Tom Brady was not crud last night, for the same reasons he has not been crud for most of the season: He threw the ball accurately, he threw the ball deep, and, most importantly, he had time to throw the ball. He finished the game with 381 yards and two touchdowns, and the Bucs beat the Washington Football Team 31-23. If there's one surefire way to have a bad time while playing against Brady, it's to give him a clean pocket.

It was up to Chase Young, the Washington Football Team's star rookie defensive end, to make Brady unclean. It was a task he seemed confident in completing, so much so that he was yelling, "Tom Brady! Tom Brady, I'm coming. I want Tom! I want Tom!" as he jogged off the field following his team's Week 17 victory over the Eagles.

That confidence certainly inspired some fantasy scenarios in the heads of WFT fans and Brady-haters in advance of Sunday's game. It's okay, you can admit it. You spent 15 minutes on Sunday morning envisioning Brady getting dragged all over the field by Young and the other three first-round picks on Washington's defensive line. You saw Brady, caked in mud, spazzing out at his offensive line after each sack, and angrily yanking at his chinstrap after each panicked interception.

None of that happened, though. Brady was sacked three times in the game, but he wasn't hit much more than that and had plenty of time to wait for routes to develop downfield. Brady threw the deep ball with more success than any quarterback in the league during the regular season, and that trend continued on Sunday. Brady threw 23 passes that traveled 10 yards or more in the air, and he completed 13 of them for 280 yards and two touchdowns.

Young, meanwhile, finished the game with one tackle and zero sacks, and found himself at a bit of a disadvantage when matched up against Rob Gronkowski, whose whole reason for being on the field was to help keep Young in check.

It's something of a cruel twist of fate, then, that Washington's own quarterback, a practice-squadder named Taylor Heinicke who was making just the second NFL start of his career, ended up keeping Washington in the game. Anyone envisioning a WFT victory after it was announced that starting quarterback Alex Smith couldn't play was probably seeing something like a 14-10 slopfest, in which a dominant defensive performance and a fluky defensive or return touchdown would deliver the victory. Instead, Heinicke transformed into Lamar Jackson (306 passing yards, 46 rushing yards, and two touchdowns), and it was he who was let down by the rest of the team.

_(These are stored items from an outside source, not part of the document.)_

lemma compact_imp_countable_finite_nets:
  assumes "compact (UNIV :: 'a::metric_space set)"
  obtains D :: "'a::metric_space set" where "countable D"
    and "\<And>d. 0 < d \<Longrightarrow> \<exists>P\<subseteq>D. finite P \<and> (\<forall>y. \<exists>p\<in>P. dist p y < d)"
proof -
  have "\<exists>P. finite P \<and> (\<forall>y::'a. \<exists>p\<in>P. dist p y < inverse (real (Suc k)))" for k
    using seq_compact_imp_totally_bounded[OF compact_imp_seq_compact[OF assms],
        rule_format, of "inverse (real (Suc k))"]
    by (auto simp: subset_eq)
  then obtain N :: "nat \<Rightarrow> 'a set"
    where N: "\<And>k. finite (N k)" "\<And>k y. \<exists>p\<in>N k. dist p y < inverse (real (Suc k))"
    by metis
  show ?thesis
  proof
    show "countable (\<Union>k. N k)"
      using N(1) by (simp add: countable_finite)
    fix d :: real
    assume "0 < d"
    then obtain k where "inverse (real (Suc k)) < d"
      using ex_inverse_of_nat_less[of d] by (metis Suc_pred)
    then show "\<exists>P\<subseteq>\<Union>k. N k. finite P \<and> (\<forall>y. \<exists>p\<in>P. dist p y < d)"
      using N by (meson UNIV_I UN_upper order_less_trans)
  qed
qed

lemma uniformly_continuous_on_integral_fst:
  fixes K :: "'a::metric_space \<times> 'b::metric_space \<Rightarrow> real"
  assumes "prob_space M" and K: "uniformly_continuous_on UNIV K" and int: "\<And>y. integrable M (\<lambda>z. K (y, z))"
  shows "uniformly_continuous_on UNIV (\<lambda>y. \<integral>z. K (y, z) \<partial>M)"
  unfolding uniformly_continuous_on_def
proof (intro allI impI)
  interpret prob_space M
    by fact
  fix e :: real
  assume "0 < e"
  then obtain d where "0 < d" and d: "\<And>y y' z. dist y y' < d \<Longrightarrow> dist (K (y, z)) (K (y', z)) < e/2"
    using uniform_modulus_fst[OF K, of "e/2"] by auto
  have "dist (\<integral>z. K (y', z) \<partial>M) (\<integral>z. K (y, z) \<partial>M) < e" if "dist y' y < d" for y y'
  proof -
    have "\<bar>\<integral>z. K (y', z) - K (y, z) \<partial>M\<bar> \<le> (\<integral>z. \<bar>K (y', z) - K (y, z)\<bar> \<partial>M)"
      by (rule integral_abs_bound)
    also have "\<dots> \<le> (\<integral>z. e/2 \<partial>M)"
      using int d[OF that] by (intro integral_mono) (auto simp: dist_real_def less_imp_le)
    finally show ?thesis
      using int \<open>0 < e\<close> by (simp add: dist_real_def prob_space)
  qed
  with \<open>0 < d\<close> show "\<exists>d>0. \<forall>y\<in>UNIV. \<forall>y'\<in>UNIV. dist y' y < d \<longrightarrow>
      dist (\<integral>z. K (y', z) \<partial>M) (\<integral>z. K (y, z) \<partial>M) < e"
    by blast
qed

lemma tendsto_double_average:
  fixes K :: "'a::metric_space \<times> 'a \<Rightarrow> real" and u :: "nat \<Rightarrow> 'a"
  assumes K: "uniformly_continuous_on UNIV K" and h: "uniformly_continuous_on UNIV h"
    and nets: "\<And>d. 0 < d \<Longrightarrow> \<exists>P\<subseteq>D. finite P \<and> (\<forall>y. \<exists>p\<in>P. dist p y < d)"
    and conv: "\<And>p. p \<in> D \<Longrightarrow> (\<lambda>n. (\<Sum>j\<in>{1..n}. K (p, u j)) / real n) \<longlonglongrightarrow> h p"
    and lim: "(\<lambda>n. (\<Sum>i\<in>{1..n}. h (u i)) / real n) \<longlonglongrightarrow> L"
  shows "(\<lambda>n. (1 / (real n)^2) * (\<Sum>i\<in>{1..n}. \<Sum>j\<in>{1..n}. K (u i, u j))) \<longlonglongrightarrow> L"
proof -
  define F where "F n y = (\<Sum>j\<in>{1..n}. K (y, u j)) / real n" for n y
  have "uniform_limit UNIV F h sequentially"
  proof (rule uniform_limit_of_finite_nets[OF _ h nets])
    show "\<exists>d>0. \<forall>n y y'. dist y y' < d \<longrightarrow> \<bar>F n y - F n y'\<bar> \<le> e" if "0 < e" for e
      unfolding F_def using K that by (rule uniform_modulus_average_fst)
    show "(\<lambda>n. F n p) \<longlonglongrightarrow> h p" if "p \<in> D" for p
      unfolding F_def using that by (rule conv)
  qed
  from tendsto_average_of_uniform_limit[OF this lim] show ?thesis
    by (simp add: F_def sum_divide_distrib power2_eq_square)
qed

lemma continuous_on_compact_UNIV_bound:
  fixes f :: "'a::topological_space \<Rightarrow> real"
  assumes "compact (UNIV :: 'a set)" and "continuous_on UNIV f"
  obtains C where "\<And>x. \<bar>f x\<bar> \<le> C"
  using compact_imp_bounded[OF compact_continuous_image[OF assms(2,1)]]
  unfolding bounded_real by auto

lemma borel_measurable_continuous_on_UNIV:
  fixes f :: "'a::topological_space \<Rightarrow> real"
  assumes "sets M = sets borel" and "continuous_on UNIV f"
  shows "f \<in> borel_measurable M"
  by (subst measurable_cong_sets[OF assms(1) refl]) (rule borel_measurable_continuous_onI[OF assms(2)])

lemma integrable_continuous_on_compact_UNIV:
  fixes f :: "'a::topological_space \<Rightarrow> real"
  assumes "compact (UNIV :: 'a set)" and "sets M = sets borel" and "finite_measure M"
    and "continuous_on UNIV f"
  shows "integrable M f"
proof -
  obtain C where "\<And>x. \<bar>f x\<bar> \<le> C"
    using continuous_on_compact_UNIV_bound[OF assms(1,4)] by blast
  then show ?thesis
    using assms(3) borel_measurable_continuous_on_UNIV[OF assms(2,4)]
    by (intro finite_measure.integrable_const_bound[where B=C]) auto
qed

lemma AE_orbit_average_continuous:
  fixes M :: "'a::metric_space measure" and f :: "'a \<Rightarrow> real"
  assumes "compact (UNIV :: 'a set)" and "sets M = sets borel" and "ergodic_prob_space M T"
    and "continuous_on UNIV f"
  shows "AE x in M. (\<lambda>n. (\<Sum>i\<in>{1..n}. f ((T ^^ i) x)) / real n) \<longlonglongrightarrow> integral\<^sup>L M f"
proof -
  interpret ergodic_prob_space M T
    by fact
  obtain C where "\<And>x. \<bar>f x\<bar> \<le> C"
    using continuous_on_compact_UNIV_bound[OF assms(1,4)] by blast
  moreover have "f \<in> borel_measurable M"
    using assms(2,4) by (rule borel_measurable_continuous_on_UNIV)
  ultimately have "AE x in M. (\<lambda>n. birkhoff_sum T f n x / real n) \<longlonglongrightarrow> integral\<^sup>L M f"
    by (intro birkhoff_ergodic_theorem[where C=C])
  then show ?thesis
    unfolding sum_orbit_eq_birkhoff_sum by (rule AE_mpt_comp[OF mpt])
qed

theorem proposition2p10:
  fixes M :: "'a::metric_space measure"
    and K :: "'a \<times> 'a \<Rightarrow> real"
    and T :: "'a \<Rightarrow> 'a"
  assumes "compact (UNIV :: 'a set)"
    and "continuous_on UNIV K"
    and "prob_space M"
    and "sets M = sets borel"
    and "ergodic_mpt M T"
  shows "AE x in M.
           (\<lambda>n. (1 / (real n)^2) * (\<Sum>i\<in>{1..n}. \<Sum>j\<in>{1..n}. K ((T ^^ i) x, (T ^^ j) x)))
           \<longlonglongrightarrow> (\<integral>y. \<integral>z. K (y, z) \<partial>M \<partial>M)"
proof -
  have erg: "ergodic_prob_space M T"
    using assms(3,5) sets_eq_imp_space_eq[OF assms(4)]
    by (simp add: ergodic_prob_space_def ergodic_prob_space_axioms_def)
  have K_uc: "uniformly_continuous_on UNIV K"
    using compact_uniformly_continuous[OF assms(2)] compact_Times[OF assms(1) assms(1)] by simp
  have K_cont: "continuous_on UNIV (\<lambda>z. K (y, z))" for y
    by (rule continuous_on_compose2[OF assms(2)]) (auto intro: continuous_intros)
  define h where "h = (\<lambda>y. \<integral>z. K (y, z) \<partial>M)"
  have h_uc: "uniformly_continuous_on UNIV h"
    unfolding h_def using assms(1,3,4) K_cont prob_space.finite_measure
    by (intro uniformly_continuous_on_integral_fst[OF assms(3) K_uc] integrable_continuous_on_compact_UNIV)
  obtain D :: "'a set" where "countable D"
    and nets: "\<And>d. 0 < d \<Longrightarrow> \<exists>P\<subseteq>D. finite P \<and> (\<forall>y. \<exists>p\<in>P. dist p y < d)"
    using compact_imp_countable_finite_nets[OF assms(1)] by blast
  have "AE x in M. \<forall>p\<in>D. (\<lambda>n. (\<Sum>j\<in>{1..n}. K (p, (T ^^ j) x)) / real n) \<longlonglongrightarrow> h p"
    unfolding AE_ball_countable[OF \<open>countable D\<close>] h_def
    using AE_orbit_average_continuous[OF assms(1,4) erg K_cont] by blast
  moreover have "AE x in M. (\<lambda>n. (\<Sum>i\<in>{1..n}. h ((T ^^ i) x)) / real n) \<longlonglongrightarrow> integral\<^sup>L M h"
    using AE_orbit_average_continuous[OF assms(1,4) erg uniformly_continuous_imp_continuous[OF h_uc]] .
  ultimately show ?thesis
    unfolding h_def[symmetric] by eventually_elim (rule tendsto_double_average[OF K_uc h_uc nets]; blast)
qed

end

The game was there for the taking, and it could have been had with a well-timed strip sack, or a pass deflected at the line and into the arms of a waiting defender, but the defense just never found a way to stop the Bucs' offense from rolling. If you want the story of this game in one clean image, it's that of Young running up the sideline to celebrate with Heinicke after the quarterback's third-quarter touchdown run cut Tampa's lead to two.

Brady and the Bucs needed nine plays to travel 55 yards and get a field goal on the next drive, and then just seven plays to go 69 yards and score a touchdown on their next possession. Heinicke got Washington another touchdown, of course, but it wasn't enough. It was never going to be enough, not as long as Tom Brady was standing comfortably.